Task -
Write down exactly the lines from the one with "then show False by simp" to the end of the data, first and last included, and no others.

───

lemma Hausdorff_space_ball_topology: "Hausdorff_space (ball_topology N)"
  unfolding Hausdorff_space_def
proof (intro allI impI)
  fix x y :: 'k assume "x \<in> topspace (ball_topology N) \<and> y \<in> topspace (ball_topology N) \<and> x \<noteq> y"
  then have "0 < N (y - x)" using mult_gen_seminorm_pos_iff[OF mult] by auto
  then obtain a where a: "0 < N a" "\<And>v w. N v < N a \<Longrightarrow> N w < N a \<Longrightarrow> N (v + w) < N (y - x)"
    using small_sumsD[OF sums] by blast
  obtain U where U: "openin (ball_topology N) U" "x \<in> U" "U \<subseteq> nball N x (N a)"
    using open_subset_nball[OF mult_gen_seminorm_gen_seminorm[OF mult] sums a(1)] by blast
  obtain V where V: "openin (ball_topology N) V" "y \<in> V" "V \<subseteq> nball N y (N a)"
    using open_subset_nball[OF mult_gen_seminorm_gen_seminorm[OF mult] sums a(1)] by blast
  have "disjnt U V"
    unfolding disjnt_def
  proof (rule equals0I)
    fix z assume "z \<in> U \<inter> V"
    then have "N (z - x) < N a" "N (y - z) < N a"
      using U(3) V(3) mult_gen_seminorm_diff_commute[OF mult, of z y] by (auto simp: nball_def)
    then have "N ((z - x) + (y - z)) < N (y - x)" by (rule a(2))
    then show False by simp
  qed
  then show "\<exists>U V. openin (ball_topology N) U \<and> openin (ball_topology N) V \<and>
      x \<in> U \<and> y \<in> V \<and> disjnt U V"
    using U V by blast
qed

end

theorem proposition4p7:
  fixes N :: "'k::field \<Rightarrow> 'r::{comm_semiring_1, linorder}"
  assumes "mult_gen_seminorm N"
    and "(\<exists>u. N u > 2) \<or> (\<exists>a. 0 < N a \<and> (\<forall>b. N b < N a \<longrightarrow> N b = 0))"
  shows "tiny_balls N \<and> balls_nhd_base N (ball_topology N) \<and>
         ring_topology (ball_topology N) \<and> Hausdorff_space (ball_topology N)"
proof -
  have sums: "small_sums N"
    using assms(2) small_sums_if_norm_greater_two[OF assms(1)]
      small_sums_if_discrete[OF assms(1)] by blast
  show ?thesis
    using tiny_balls_iff_small_sums[OF assms(1)] sums
      balls_nhd_base_ball_topology[OF mult_gen_seminorm_gen_seminorm[OF assms(1)] sums]
      ring_topology_ball_topology[OF assms(1) sums] Hausdorff_space_ball_topology[OF assms(1) sums]
    by blast
qed

end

───

Output for this task -
    then show False by simp
  qed
  then show "\<exists>U V. openin (ball_topology N) U \<and> openin (ball_topology N) V \<and>
      x \<in> U \<and> y \<in> V \<and> disjnt U V"
    using U V by blast
qed

end

theorem proposition4p7:
  fixes N :: "'k::field \<Rightarrow> 'r::{comm_semiring_1, linorder}"
  assumes "mult_gen_seminorm N"
    and "(\<exists>u. N u > 2) \<or> (\<exists>a. 0 < N a \<and> (\<forall>b. N b < N a \<longrightarrow> N b = 0))"
  shows "tiny_balls N \<and> balls_nhd_base N (ball_topology N) \<and>
         ring_topology (ball_topology N) \<and> Hausdorff_space (ball_topology N)"
proof -
  have sums: "small_sums N"
    using assms(2) small_sums_if_norm_greater_two[OF assms(1)]
      small_sums_if_discrete[OF assms(1)] by blast
  show ?thesis
    using tiny_balls_iff_small_sums[OF assms(1)] sums
      balls_nhd_base_ball_topology[OF mult_gen_seminorm_gen_seminorm[OF assms(1)] sums]
      ring_topology_ball_topology[OF assms(1) sums] Hausdorff_space_ball_topology[OF assms(1) sums]
    by blast
qed

end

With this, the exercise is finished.